The Governance Committee is responsible for identifying nominees for our Board of Directors. There are no minimum qualifications that nominees must possess, however, the following factors are strongly considered by the Governance Committee in making its recommendations: substantial experience in the semiconductor industry or related industries; strong business acumen and judgment; excellent interpersonal skills; business relationships with key individuals in industry, government and education that may be of significant assistance to us and our operations; familiarity with accounting rules and practices; and "independence" as defined and required by the Listing Rules of NASDAQ and relevant rules and regulations of the SEC. In the event the Board of Directors has determined that it would be advisable to add additional members to the Board, the Governance Committee works with a third party executive search firm to assist them in the identification and evaluation of potential candidates to our Board of Directors. It is currently anticipated that additional members may join our Board of Directors in 2013.

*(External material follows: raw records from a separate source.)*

(* Let $\mathsf{P}$ be a program of the language $\mathcal{H}$ and let $\mathsf{Gr(P)}$ be its ground instantiation, regarded as a (possibly infinite) propositional program. Let $M$ be a three-valued (partial) interpretation of $\mathsf{Gr(P)}$ and let $\mathcal{M}$ be the Herbrand interpretation of $\mathsf{P}$ whose valuation function satisfies $v_{\mathcal{M}}(\mathsf{A}) = M(\mathsf{A})$ for every $\mathsf{A}\in U_{\mathsf{P},o}$. Then $\mathcal{M}$ is a Herbrand model of $\mathsf{P}$ if and only if $M$ is a model of $\mathsf{Gr(P)}$. Moreover, $\mathcal{M}$ is $\leq$-minimal (respectively, $\preceq$-minimal) if and only if $M$ is $\leq$-minimal (respectively, $\preceq$-minimal).
   Context: Types of $\mathcal{H}$: base types $\iota$ (individuals) and $o$ (booleans); functional types $\sigma ::= \iota \mid \iota\to\sigma$; predicate types $\pi ::= o \mid \rho\to\pi$; argument types $\rho ::= \iota \mid \pi$. The alphabet contains predicate variables and predicate constants of every predicate type, individual variables and individual constants of type $\iota$, function symbols of every functional type $\iota^n\to\iota$ ($n\ge1$), negation $\sim$, and equality $\approx$. Terms: variables and constants are terms of their type; if $\mathsf{f}$ is an $n$-ary function symbol and $\mathsf{E}_1,\dots,\mathsf{E}_n$ are terms of type $\iota$, then $(\mathsf{f}\,\mathsf{E}_1\cdots\mathsf{E}_n)$ is a term of type $\iota$; if $\mathsf{E}_1:\rho\to\pi$ and $\mathsf{E}_2:\rho$ are terms then $(\mathsf{E}_1\,\mathsf{E}_2)$ is a term of type $\pi$. Terms of type $o$ are atoms. Literals are atoms, expressions $(\mathsf{E}_1\approx\mathsf{E}_2)$ with $\mathsf{E}_1,\mathsf{E}_2$ terms of type $\iota$, and $(\sim\mathsf{E})$ with $\mathsf{E}$ an atom. A clause is $\mathsf{p}\,\mathsf{V}_1\cdots\mathsf{V}_n\leftarrow\mathsf{L}_1,\dots,\mathsf{L}_m$ where $\mathsf{p}$ is a predicate constant of type $\rho_1\to\cdots\to\rho_n\to o$, $\mathsf{V}_1,\dots,\mathsf{V}_n$ are distinct variables of types $\rho_1,\dots,\rho_n$, and the $\mathsf{L}_j$ are literals. A program is a finite set of clauses. For a program $\mathsf{P}$ and argument type $\rho$, $U_{\mathsf{P},\rho}$ is the set of ground (variable-free) terms of type $\rho$ built from the individual constants, function symbols and predicate constants occurring in $\mathsf{P}$; $U^+_{\mathsf{P},o}$ is $U_{\mathsf{P},o}$ together with all $(\mathsf{E}_1\approx\mathsf{E}_2)$ for $\mathsf{E}_1,\mathsf{E}_2\in U_{\mathsf{P},\iota}$ and all $(\sim\mathsf{E})$ for $\mathsf{E}\in U_{\mathsf{P},o}$. The ground instantiation $\mathsf{Gr(P)}$ is the set of all clauses obtained from clauses of $\mathsf{P}$ by substituting for every variable of the clause a term of $U_{\mathsf{P},\rho}$ of the same type $\rho$. It is regarded as a propositional program whose propositional variables are the ground atoms in $U_{\mathsf{P},o}$; a ground equality $(\mathsf{E}_1\approx\mathsf{E}_2)$ in a body is treated as the constant true if $\mathsf{E}_1,\mathsf{E}_2$ are syntactically identical and as the constant false otherwise. A three-valued interpretation of $\mathsf{Gr(P)}$ assigns to each ground atom a value in $\{\mathit{false},0,\mathit{true}\}$, extended to negations by $\sim$ swapping $\mathit{false}$ and $\mathit{true}$ and fixing $0$; it is a model if for every clause of $\mathsf{Gr(P)}$, the value of the head is $\ge$ the minimum of the values of the body literals, w.r.t. the truth order $\mathit{false}<0<\mathit{true}$ (empty body has value $\mathit{true}$). A (three-valued) Herbrand interpretation $I$ of $\mathsf{P}$ interprets each constant and function symbol by itself (so ground expressions denote themselves and application is syntactic application) and is determined by a valuation function $v_I:U^+_{\mathsf{P},o}\to\{\mathit{false},0,\mathit{true}\}$ such that $v_I(\mathsf{E}_1\approx\mathsf{E}_2)$ is $\mathit{true}$ if $\mathsf{E}_1=\mathsf{E}_2$ syntactically and $\mathit{false}$ otherwise, and $v_I(\sim\mathsf{E})$ is $\mathit{false},0,\mathit{true}$ when $v_I(\mathsf{E})$ is $\mathit{true},0,\mathit{false}$ respectively. A Herbrand state $s$ assigns to each variable of type $\rho$ an element of $U_{\mathsf{P},\rho}$; for an expression $\mathsf{E}$, $[\![\mathsf{E}]\!]_s$ is the ground expression obtained by replacing each variable $\mathsf{V}$ by $s(\mathsf{V})$. $I$ is a (Herbrand) model of $\mathsf{P}$ if for every clause $\mathsf{A}\leftarrow\mathsf{L}_1,\dots,\mathsf{L}_m$ of $\mathsf{P}$ and every state $s$, $v_I([\![\mathsf{A}]\!]_s)\ge\min\{v_I([\![\mathsf{L}_1]\!]_s),\dots,v_I([\![\mathsf{L}_m]\!]_s)\}$ in the truth order. Orderings: the truth order $\leq$ on values is $\mathit{false}\le0\le\mathit{true}$; the Fitting order $\preceq$ is $0\preceq\mathit{false}$, $0\preceq\mathit{true}$. For interpretations (of $\mathsf{P}$ or of $\mathsf{Gr(P)}$), $I\le J$ (resp. $I\preceq J$) iff the value of every ground atom $\mathsf{A}\in U_{\mathsf{P},o}$ under $I$ is $\le$ (resp. $\preceq$) its value under $J$. A model $M$ is $\le$-minimal (resp. $\preceq$-minimal) if there is no different model $N$ with $N\le M$ (resp. $N\preceq M$). *)

theory Defs
  imports Main
begin

datatype ty = Iota | Bool | Arr ty ty

fun pred_ty :: "ty \<Rightarrow> bool" and arg_ty :: "ty \<Rightarrow> bool" where
  "pred_ty Bool = True"
| "pred_ty (Arr r p) = (arg_ty r \<and> pred_ty p)"
| "pred_ty Iota = False"
| "arg_ty Iota = True"
| "arg_ty t = pred_ty t"

text \<open>Variables and constants carry a name and a type; a variable (or constant) is
identified by the pair (name, type).  A function symbol is identified by its name and its arity
(the length of the argument list); FApp f es is the term (f E1 ... En).\<close>

datatype 'a trm =
    V 'a ty
  | C 'a ty
  | FApp 'a "'a trm list"
  | App "'a trm" "'a trm"

inductive wt :: "'a trm \<Rightarrow> ty \<Rightarrow> bool" where
  wt_V: "arg_ty t \<Longrightarrow> wt (V x t) t"
| wt_C: "arg_ty t \<Longrightarrow> wt (C c t) t"
| wt_F: "es \<noteq> [] \<Longrightarrow> (\<forall>e\<in>set es. wt e Iota) \<Longrightarrow> wt (FApp f es) Iota"
| wt_App: "pred_ty (Arr r p) \<Longrightarrow> wt e1 (Arr r p) \<Longrightarrow> wt e2 r \<Longrightarrow> wt (App e1 e2) p"

fun tvars :: "'a trm \<Rightarrow> ('a \<times> ty) set" where
  "tvars (V x t) = {(x, t)}"
| "tvars (C c t) = {}"
| "tvars (FApp f es) = (\<Union>e\<in>set es. tvars e)"
| "tvars (App e1 e2) = tvars e1 \<union> tvars e2"

fun tconsts :: "'a trm \<Rightarrow> ('a \<times> ty) set" where
  "tconsts (V x t) = {}"
| "tconsts (C c t) = {(c, t)}"
| "tconsts (FApp f es) = (\<Union>e\<in>set es. tconsts e)"
| "tconsts (App e1 e2) = tconsts e1 \<union> tconsts e2"

fun tfuns :: "'a trm \<Rightarrow> ('a \<times> nat) set" where
  "tfuns (V x t) = {}"
| "tfuns (C c t) = {}"
| "tfuns (FApp f es) = insert (f, length es) (\<Union>e\<in>set es. tfuns e)"
| "tfuns (App e1 e2) = tfuns e1 \<union> tfuns e2"

fun subst :: "('a \<times> ty \<Rightarrow> 'a trm) \<Rightarrow> 'a trm \<Rightarrow> 'a trm" where
  "subst s (V x t) = s (x, t)"
| "subst s (C c t) = C c t"
| "subst s (FApp f es) = FApp f (map (subst s) es)"
| "subst s (App e1 e2) = App (subst s e1) (subst s e2)"

datatype 'a lit = Pos "'a trm" | Eq "'a trm" "'a trm" | Neg "'a trm"

fun wf_lit :: "'a lit \<Rightarrow> bool" where
  "wf_lit (Pos e) = wt e Bool"
| "wf_lit (Eq e1 e2) = (wt e1 Iota \<and> wt e2 Iota)"
| "wf_lit (Neg e) = wt e Bool"

fun lit_map :: "('a trm \<Rightarrow> 'a trm) \<Rightarrow> 'a lit \<Rightarrow> 'a lit" where
  "lit_map g (Pos e) = Pos (g e)"
| "lit_map g (Eq e1 e2) = Eq (g e1) (g e2)"
| "lit_map g (Neg e) = Neg (g e)"

fun lit_trms :: "'a lit \<Rightarrow> 'a trm set" where
  "lit_trms (Pos e) = {e}"
| "lit_trms (Eq e1 e2) = {e1, e2}"
| "lit_trms (Neg e) = {e}"

text \<open>A clause  p V1 ... Vn <- L1, ..., Lm : predicate constant name p with its type,
the list of head variables (name, type), and the list of body literals.\<close>

datatype 'a clause = Clause 'a ty "('a \<times> ty) list" "'a lit list"

fun head :: "'a clause \<Rightarrow> 'a trm" where
  "head (Clause p t vs body) = foldl App (C p t) (map (\<lambda>(x, r). V x r) vs)"

fun body :: "'a clause \<Rightarrow> 'a lit list" where
  "body (Clause p t vs bd) = bd"

fun wf_clause :: "'a clause \<Rightarrow> bool" where
  "wf_clause (Clause p t vs bd) =
     (pred_ty t \<and> t = foldr Arr (map snd vs) Bool \<and> distinct vs
      \<and> (\<forall>v\<in>set vs. arg_ty (snd v)) \<and> (\<forall>L\<in>set bd. wf_lit L))"

definition program :: "'a clause set \<Rightarrow> bool" where
  "program P \<longleftrightarrow> finite P \<and> (\<forall>c\<in>P. wf_clause c)"

definition clause_trms :: "'a clause \<Rightarrow> 'a trm set" where
  "clause_trms c = insert (head c) (\<Union>L\<in>set (body c). lit_trms L)"

definition clause_vars :: "'a clause \<Rightarrow> ('a \<times> ty) set" where
  "clause_vars c = (\<Union>e\<in>clause_trms c. tvars e)"

definition prog_consts :: "'a clause set \<Rightarrow> ('a \<times> ty) set" where
  "prog_consts P = (\<Union>c\<in>P. \<Union>e\<in>clause_trms c. tconsts e)"

definition prog_funs :: "'a clause set \<Rightarrow> ('a \<times> nat) set" where
  "prog_funs P = (\<Union>c\<in>P. \<Union>e\<in>clause_trms c. tfuns e)"

definition U :: "'a clause set \<Rightarrow> ty \<Rightarrow> 'a trm set" where
  "U P r = {e. wt e r \<and> tvars e = {} \<and> tconsts e \<subseteq> prog_consts P \<and> tfuns e \<subseteq> prog_funs P}"

datatype tv = FF | ZZ | TT

fun rank :: "tv \<Rightarrow> nat" where
  "rank FF = 0" | "rank ZZ = 1" | "rank TT = 2"

definition tle :: "tv \<Rightarrow> tv \<Rightarrow> bool" where
  "tle a b \<longleftrightarrow> rank a \<le> rank b"

definition fle :: "tv \<Rightarrow> tv \<Rightarrow> bool" where
  "fle a b \<longleftrightarrow> a = ZZ \<or> a = b"

definition tmin :: "tv \<Rightarrow> tv \<Rightarrow> tv" where
  "tmin a b = (if tle a b then a else b)"

fun tneg :: "tv \<Rightarrow> tv" where
  "tneg FF = TT" | "tneg ZZ = ZZ" | "tneg TT = FF"

definition conj_list :: "tv list \<Rightarrow> tv" where
  "conj_list xs = foldr tmin xs TT"

text \<open>An interpretation (of Gr(P), or the valuation of a Herbrand interpretation on
ground atoms) is a function on terms; only its values on U_{P,o} matter.
Its extension to ground literals (U^+_{P,o}):\<close>

fun lval :: "('a trm \<Rightarrow> tv) \<Rightarrow> 'a lit \<Rightarrow> tv" where
  "lval M (Pos e) = M e"
| "lval M (Eq e1 e2) = (if e1 = e2 then TT else FF)"
| "lval M (Neg e) = tneg (M e)"

definition ground_subst :: "'a clause set \<Rightarrow> 'a clause \<Rightarrow> ('a \<times> ty \<Rightarrow> 'a trm) \<Rightarrow> bool" where
  "ground_subst P c s \<longleftrightarrow> (\<forall>(x, t)\<in>clause_vars c. s (x, t) \<in> U P t)"

text \<open>Gr(P) as a set of ground (propositional) clauses: (head atom, body literals).\<close>
definition Gr :: "'a clause set \<Rightarrow> ('a trm \<times> 'a lit list) set" where
  "Gr P = {(subst s (head c), map (lit_map (subst s)) (body c)) | c s. c \<in> P \<and> ground_subst P c s}"

definition gr_model :: "'a clause set \<Rightarrow> ('a trm \<Rightarrow> tv) \<Rightarrow> bool" where
  "gr_model P M \<longleftrightarrow> (\<forall>(h, bd)\<in>Gr P. tle (conj_list (map (lval M) bd)) (M h))"

text \<open>Herbrand states (restricted to the variables of the clause at hand).\<close>
definition herbrand_state :: "'a clause set \<Rightarrow> 'a clause \<Rightarrow> ('a \<times> ty \<Rightarrow> 'a trm) \<Rightarrow> bool" where
  "herbrand_state P c s \<longleftrightarrow> (\<forall>(x, t)\<in>clause_vars c. s (x, t) \<in> U P t)"

definition herbrand_model :: "'a clause set \<Rightarrow> ('a trm \<Rightarrow> tv) \<Rightarrow> bool" where
  "herbrand_model P v \<longleftrightarrow>
     (\<forall>c\<in>P. \<forall>s. herbrand_state P c s \<longrightarrow>
        tle (conj_list (map (\<lambda>L. lval v (lit_map (subst s) L)) (body c))) (v (subst s (head c))))"

definition int_le :: "'a clause set \<Rightarrow> ('a trm \<Rightarrow> tv) \<Rightarrow> ('a trm \<Rightarrow> tv) \<Rightarrow> bool" where
  "int_le P N M \<longleftrightarrow> (\<forall>A\<in>U P Bool. tle (N A) (M A))"

definition int_fle :: "'a clause set \<Rightarrow> ('a trm \<Rightarrow> tv) \<Rightarrow> ('a trm \<Rightarrow> tv) \<Rightarrow> bool" where
  "int_fle P N M \<longleftrightarrow> (\<forall>A\<in>U P Bool. fle (N A) (M A))"

definition int_diff :: "'a clause set \<Rightarrow> ('a trm \<Rightarrow> tv) \<Rightarrow> ('a trm \<Rightarrow> tv) \<Rightarrow> bool" where
  "int_diff P N M \<longleftrightarrow> (\<exists>A\<in>U P Bool. N A \<noteq> M A)"

definition minimal_wrt ::
  "(('a trm \<Rightarrow> tv) \<Rightarrow> bool) \<Rightarrow> (('a trm \<Rightarrow> tv) \<Rightarrow> ('a trm \<Rightarrow> tv) \<Rightarrow> bool)
   \<Rightarrow> (('a trm \<Rightarrow> tv) \<Rightarrow> ('a trm \<Rightarrow> tv) \<Rightarrow> bool) \<Rightarrow> ('a trm \<Rightarrow> tv) \<Rightarrow> bool" where
  "minimal_wrt Mod ord diff M \<longleftrightarrow> Mod M \<and> \<not> (\<exists>N. Mod N \<and> diff N M \<and> ord N M)"

end

theory Submission
  imports Defs
begin

(* A Herbrand state of P, restricted to the variables of a clause, is exactly a
   substitution used to build Gr(P), and evaluating a clause body under the state
   is evaluating the corresponding ground body.  So the two model notions coincide
   as predicates on interpretations; as both orders and the difference relation only
   inspect the atoms of U_{P,o}, minimality is then the same statement on both sides. *)

lemma ground_instance_in_Gr:
  assumes "c \<in> P" and "herbrand_state P c s"
  shows "(subst s (head c), map (lit_map (subst s)) (body c)) \<in> Gr P"
  using assms unfolding Gr_def herbrand_state_def ground_subst_def by blast

lemma herbrand_model_eq_gr_model: "herbrand_model P = gr_model P"
proof (intro ext iffI)
  fix M
  assume herbrand: "herbrand_model P M"
  show "gr_model P M"
    unfolding gr_model_def Gr_def
  proof clarify
    fix c s
    assume "c \<in> P" and "ground_subst P c s"
    then show "tle (conj_list (map (lval M) (map (lit_map (subst s)) (body c))))
                   (M (subst s (head c)))"
      using herbrand
      unfolding herbrand_model_def herbrand_state_def ground_subst_def
      by (simp add: comp_def)
  qed
next
  fix M
  assume ground: "gr_model P M"
  show "herbrand_model P M"
    unfolding herbrand_model_def
  proof (intro ballI allI impI)
    fix c s
    assume "c \<in> P" and "herbrand_state P c s"
    then have "(subst s (head c), map (lit_map (subst s)) (body c)) \<in> Gr P"
      by (rule ground_instance_in_Gr)
    then show "tle (conj_list (map (\<lambda>L. lval M (lit_map (subst s) L)) (body c)))
                   (M (subst s (head c)))"
      using ground unfolding gr_model_def by (fastforce simp: comp_def)
  qed
qed

theorem theorem1:
  fixes P :: "'a clause set" and M :: "'a trm \<Rightarrow> tv"
  assumes "program P"
  shows "(herbrand_model P M \<longleftrightarrow> gr_model P M)
    \<and> (minimal_wrt (herbrand_model P) (int_le P) (int_diff P) M
         \<longleftrightarrow> minimal_wrt (gr_model P) (int_le P) (int_diff P) M)
    \<and> (minimal_wrt (herbrand_model P) (int_fle P) (int_diff P) M
         \<longleftrightarrow> minimal_wrt (gr_model P) (int_fle P) (int_diff P) M)"
  by (simp add: herbrand_model_eq_gr_model)

end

The Governance Committee will consider director nominee recommendations from shareholders. Shareholder recommendations for directors are subject to the same criteria used to evaluate other candidates. Shareholders wishing to recommend a prospective nominee should submit the candidate's name and qualifications to our Corporate Secretary at corporatesecretary@micron.com. Our Bylaws contain the provisions that address the process by which a shareholder may nominate an individual to stand for election to our Board of Directors. A copy of our Bylaws can be found on the Corporate Governance page of our website at www.micron.com and is available in print upon request to corporatesecretary@micron.com.
Compensation Committee
Messrs. Byrne and Mondry currently serve on the Compensation Committee of the Board of Directors. Mr. Mondry has served as the Chairman of the Compensation Committee since January 2012. The Compensation Committee is responsible for reviewing and approving the compensation of our officers. See the "Compensation Discussion and Analysis" and the "Compensation Committee Report" for information regarding how the Compensation Committee sets executive compensation levels. The complete duties of the Compensation Committee are set forth in its written charter, which is available at www.micron.com and is also available in print upon request to corporatesecretary@micron.com.
Executive Sessions and Communications with the Board of Directors
In February 2012, Mr. Switz was appointed Chairman of our Board of Directors. As part of his duties as Chairman, Mr. Switz chairs executive session meetings of our Board (meetings in which only non-employee directors are present). Shareholders and interested parties wishing to communicate with our Board of Directors may contact Mr. Switz at chairman@micron.com.
COMPENSATION OF DIRECTORS
The Governance Committee of the Board of Directors oversees the setting of compensation for our non-employee members of the Board of Directors. At the end of each of fiscal 2011 and fiscal 2012, the Governance Committee engaged Mercer to review and evaluate director compensation for the ensuing year, in light of prevailing market conditions. Mercer gathered and reviewed market data for non-employee directors from the same Compensation Peer Group used to evaluate officer compensation. For a discussion of peer group companies please see "Executive Compensation and Related Information Compensation Discussion and Analysis." For fiscal 2012, upon completion of its review and evaluation, the Governance Committee recommended that the Board of Directors increase (i) the annual retainer paid to non-employee directors, (ii) the fee paid to the Chairman of the Compensation Committee and (iii) the amount of the annual equity award. For fiscal 2013, upon completion of its review and evaluation, the Governance Committee recommended that the Board of Directors make no changes to the directors' compensation.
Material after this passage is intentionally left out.